As well as the trend toward management of finances and mobile payments, the recent launch of Virgin Finance showed us how the future of banking – and perhaps retail in general – might look. This is their flagship ‘bank’, in Manchester:

It’s pretty apparent that, like Square, the approach from Virgin is that digital conduits mean less clutter. Branson apparently smashed the glass screen separating teller from customer in the launch with a sledgehammer. A PR stunt, of course, but nonetheless carrying a message: that the days of a binary customer relationship are numbered. It’s not ‘us and them’, it’s ‘we’. Sounds fluffy? Well, I suppose so. But there’s a serious point underneath it, which is that the consumer experience is going to evolve to become precisely that: an experience.

The coupling of more demanding customers – see coffee shops in Waterstones – and technological presets that can disrupt the clone-like formats of current shops are leading to a thought process that centres far more around the consumer, like the outlets of old.
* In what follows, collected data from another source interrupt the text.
lemma shifted_vandermonde_mult_inverse:
  "shifted_vandermonde_mat n (a::'a::field_char_0)
     * (binomial_shift_mat n a * stirling_vandermonde_inv n) = 1\<^sub>m n"
  by (simp add: shifted_vandermonde_mult_binomial_shift vandermonde_mult_stirling_vandermonde_inv
           flip: assoc_mult_mat[of _ n n _ n _ n])

lemma minv_shifted_vandermonde:
  "minv (shifted_vandermonde_mat n a) = binomial_shift_mat n a * stirling_vandermonde_inv n"
  by (rule minv_eqI[OF _ _ shifted_vandermonde_mult_inverse]) (auto intro: mult_carrier_mat[of _ n n])

lemma minv_vandermonde:
  "minv (shifted_vandermonde_mat n 0) = stirling_vandermonde_inv n"
  by (rule minv_eqI[OF _ _ vandermonde_mult_stirling_vandermonde_inv]) auto

lemma shifted_vandermonde_minv:
  fixes a :: real
  shows "minv (shifted_vandermonde_mat n a) \<in> carrier_mat n n"
    and "shifted_vandermonde_mat n a * minv (shifted_vandermonde_mat n a) = 1\<^sub>m n"
    and "minv (shifted_vandermonde_mat n a) * shifted_vandermonde_mat n a = 1\<^sub>m n"
proof -
  show car: "minv (shifted_vandermonde_mat n a) \<in> carrier_mat n n"
    by (auto simp: minv_shifted_vandermonde intro: mult_carrier_mat[of _ n n])
  show right: "shifted_vandermonde_mat n a * minv (shifted_vandermonde_mat n a) = 1\<^sub>m n"
    by (simp add: minv_shifted_vandermonde shifted_vandermonde_mult_inverse)
  show "minv (shifted_vandermonde_mat n a) * shifted_vandermonde_mat n a = 1\<^sub>m n"
    by (rule mat_mult_left_right_inverse[OF _ car right]) simp
qed

lemma vdm_eq_shifted_vandermonde_mat:
  "Mm + Mp \<ge> 0 \<Longrightarrow> vdm Mm Mp = shifted_vandermonde_mat (Suc (nat (Mm + Mp))) (of_int Mm)"
  by (simp add: vdm_def shifted_vandermonde_mat_def)

lemma nu_eq_sum_nodes:
  assumes "Mm + Mp \<ge> 0"
  shows "nu Mm Mp m k
       = (\<Sum>t<Suc (nat (Mm + Mp)). minv (vdm Mm Mp) $$ (m, t) * (real t - of_int Mm) ^ k)"
  unfolding nu_def using assms
  by (intro sum.reindex_bij_witness[of _ "\<lambda>t. int t - Mm" "\<lambda>l. nat (l + Mm)"]) auto

lemma nu_eq_delta:
  assumes "Mm + Mp \<ge> 0" "m \<le> nat (Mm + Mp)" "k \<le> nat (Mm + Mp)"
  shows "nu Mm Mp m k = (if m = k then 1 else 0)"
proof -
  define n where "n = Suc (nat (Mm + Mp))"
  define V where "V = shifted_vandermonde_mat n (real_of_int Mm)"
  have "nu Mm Mp m k = (\<Sum>t<n. minv V $$ (m, t) * V $$ (t, k))"
    using assms by (auto simp: nu_eq_sum_nodes vdm_eq_shifted_vandermonde_mat V_def n_def
                                 shifted_vandermonde_mat_def intro!: sum.cong)
  also have "\<dots> = (minv V * V) $$ (m, k)"
    using assms shifted_vandermonde_minv(1)
    by (subst index_mult_mat_sum[of _ n n _ n]) (auto simp: V_def n_def)
  also have "\<dots> = (if m = k then 1 else 0)"
    using assms by (simp add: V_def n_def shifted_vandermonde_minv(3))
  finally show ?thesis .
qed

lemma sum_nu_mult_power:
  assumes "l \<in> {-Mm..Mp}"
  shows "(\<Sum>m = 0..nat (Mm + Mp). nu Mm Mp m k * of_int l ^ m) = of_int l ^ k"
proof -
  define n where "n = Suc (nat (Mm + Mp))"
  define V where "V = shifted_vandermonde_mat n (real_of_int Mm)"
  define r where "r = nat (l + Mm)"
  have Mm_Mp: "Mm + Mp \<ge> 0" and r: "r < n" and l: "real_of_int l = real r - of_int Mm"
    using assms by (auto simp: n_def r_def)
  have "(\<Sum>m = 0..nat (Mm + Mp). nu Mm Mp m k * of_int l ^ m)
      = (\<Sum>m<n. V $$ (r, m) * (\<Sum>t<n. minv V $$ (m, t) * (real t - of_int Mm) ^ k))"
    using r l Mm_Mp
    by (auto simp: n_def V_def nu_eq_sum_nodes vdm_eq_shifted_vandermonde_mat atLeast0AtMost
                   lessThan_Suc_atMost shifted_vandermonde_mat_def mult.commute intro!: sum.cong)
  also have "\<dots> = of_int l ^ k"
    using r l shifted_vandermonde_minv by (subst right_inverse_mat_sum) (auto simp: V_def)
  finally show ?thesis .
qed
The more pleasant a premises is and the longer people stay in it, the more likely they are to buy something and the greater loyalty you foster against ferocious competition. It’s only with wireless technology and digital advancements that this particular breed of shop is becoming viable – but just watch this space. I expect tech to lead the way; you could argue Apple’s stores are halfway there, but finance is an ideal sector for this as well. Banks that don’t look or act like banks are a far more appealing prospect than waiting in line to be served by someone behind glass who you can’t particularly hear because the mic is on the blink. Expect to see more walk-in-and-sit-down stores, with staff trained as much in hospitality as sales. Expect to be beguiled and made to feel at home. Expect to see shelves and racks and tills disappear as assistants wander the floor with wireless payment services. Not tomorrow, perhaps, but not too far in the future either.

Lastly, it’s weird that we live in a world where I can’t easily send money to someone in America despite being able to video chat with them in real time. Someone should probably fix that.